**ACTIVITY:** Exactly the lines below from the one with "then obtain \<delta>" up to and including the one with "show ?thesis" make up the answer, with nothing else added.

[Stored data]
★ ★ ★

lemma Ahat_eps_s_uniform_approx:
  fixes B :: "real^3 \<Rightarrow> real^3"
  assumes "bounded \<Omega>"
    and "continuous_on UNIV (\<lambda>x. B x $ 1)" and "continuous_on UNIV (\<lambda>x. B x $ 2)"
    and hex: "((\<lambda>eps. hex eps / \<bar>ln eps\<bar>) \<longlongrightarrow> h0) (at_right 0)"
    and "\<eta> > 0"
  shows "\<forall>\<^sub>F (eps, N) in at_right 0 \<times>\<^sub>F sequentially. \<forall>x \<in> cyl \<Omega> L.
           norm (Ahat_eps_s L eps N (\<lambda>y. \<bar>ln eps\<bar> *\<^sub>R B y + (hex eps - h0 * \<bar>ln eps\<bar>) *\<^sub>R avec y) x
                 - proj12 (B x)) \<le> \<eta>"
proof -
  obtain R where R: "\<And>x t. x \<in> cyl \<Omega> L \<Longrightarrow> 0 \<le> t \<Longrightarrow> t \<le> x$3 \<Longrightarrow> mk3 (proj12 x) t \<in> cball 0 R"
    using cyl_slice_norm_bound[OF assms(1)] by (metis mem_cball_0)
  have "uniformly_continuous_on (cball 0 R) (\<lambda>x. proj12 (B x))"
    using continuous_on_proj12_comp[OF assms(2,3)]
    by (intro compact_uniformly_continuous) (auto intro: continuous_on_subset)
  then obtain \<delta> where "\<delta> > 0" and \<delta>: "\<And>x y. x \<in> cball 0 R \<Longrightarrow> y \<in> cball 0 R \<Longrightarrow> dist y x < \<delta>
      \<Longrightarrow> dist (proj12 (B y)) (proj12 (B x)) < \<eta> / 2"
    using \<open>\<eta> > 0\<close> unfolding uniformly_continuous_on_def by (meson half_gt_zero)
  have "((\<lambda>eps. \<bar>hex eps / \<bar>ln eps\<bar> - h0\<bar> * R) \<longlongrightarrow> \<bar>h0 - h0\<bar> * R) (at_right 0)"
    by (intro tendsto_intros hex)
  then have "((\<lambda>eps. \<bar>hex eps / \<bar>ln eps\<bar> - h0\<bar> * R) \<longlongrightarrow> 0) (at_right 0)"
    by simp
  from eventually_at_right_0_times_sequentially_small[OF this half_gt_zero[OF \<open>\<eta> > 0\<close>] \<open>\<delta> > 0\<close>, of L]
  show ?thesis
  proof (rule eventually_mono, clarify)
    fix eps N x
    assume gauge: "\<bar>hex eps / \<bar>ln eps\<bar> - h0\<bar> * R < \<eta> / 2" and "0 < eps" "eps < 1"
      and "L / real N < \<delta>" "1 \<le> N" and "x \<in> cyl \<Omega> L"
    then have "0 < x$3" "x$3 < L" by (auto simp: cyl_def)
    then obtain t where t: "0 \<le> t" "t \<le> x$3" "x$3 - t < L / real N"
      and err: "norm (Ahat_eps_s L eps N (\<lambda>y. \<bar>ln eps\<bar> *\<^sub>R B y + (hex eps - h0 * \<bar>ln eps\<bar>) *\<^sub>R avec y) x
                 - proj12 (B x))
           \<le> norm (proj12 (B (mk3 (proj12 x) t)) - proj12 (B x)) + \<bar>hex eps / \<bar>ln eps\<bar> - h0\<bar> * norm x"
      using Ahat_eps_s_gauge_error[OF \<open>1 \<le> N\<close> \<open>0 < eps\<close> \<open>eps < 1\<close>] by blast
    have x_R: "x \<in> cball 0 R"
      using R[OF \<open>x \<in> cyl \<Omega> L\<close>, of "x$3"] \<open>0 < x$3\<close> by (simp add: mk3_proj12)
    have "dist (mk3 (proj12 x) t) x < \<delta>"
      using norm_mk3_proj12_diff_le[of x t] t \<open>L / real N < \<delta>\<close> by (simp add: dist_norm)
    then have "norm (proj12 (B (mk3 (proj12 x) t)) - proj12 (B x)) < \<eta> / 2"
      using \<delta>[OF x_R R[OF \<open>x \<in> cyl \<Omega> L\<close> t(1,2)]] by (simp add: dist_norm)
    moreover have "\<bar>hex eps / \<bar>ln eps\<bar> - h0\<bar> * norm x \<le> \<bar>hex eps / \<bar>ln eps\<bar> - h0\<bar> * R"
      using x_R by (intro mult_left_mono) auto
    ultimately show "norm (Ahat_eps_s L eps N (\<lambda>y. \<bar>ln eps\<bar> *\<^sub>R B y + (hex eps - h0 * \<bar>ln eps\<bar>) *\<^sub>R avec y) x
                 - proj12 (B x)) \<le> \<eta>"
      using err gauge by linarith
  qed
qed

★ ★ ★

**TASK RESULT:**
  then obtain \<delta> where "\<delta> > 0" and \<delta>: "\<And>x y. x \<in> cball 0 R \<Longrightarrow> y \<in> cball 0 R \<Longrightarrow> dist y x < \<delta>
      \<Longrightarrow> dist (proj12 (B y)) (proj12 (B x)) < \<eta> / 2"
    using \<open>\<eta> > 0\<close> unfolding uniformly_continuous_on_def by (meson half_gt_zero)
  have "((\<lambda>eps. \<bar>hex eps / \<bar>ln eps\<bar> - h0\<bar> * R) \<longlongrightarrow> \<bar>h0 - h0\<bar> * R) (at_right 0)"
    by (intro tendsto_intros hex)
  then have "((\<lambda>eps. \<bar>hex eps / \<bar>ln eps\<bar> - h0\<bar> * R) \<longlongrightarrow> 0) (at_right 0)"
    by simp
  from eventually_at_right_0_times_sequentially_small[OF this half_gt_zero[OF \<open>\<eta> > 0\<close>] \<open>\<delta> > 0\<close>, of L]
  show ?thesis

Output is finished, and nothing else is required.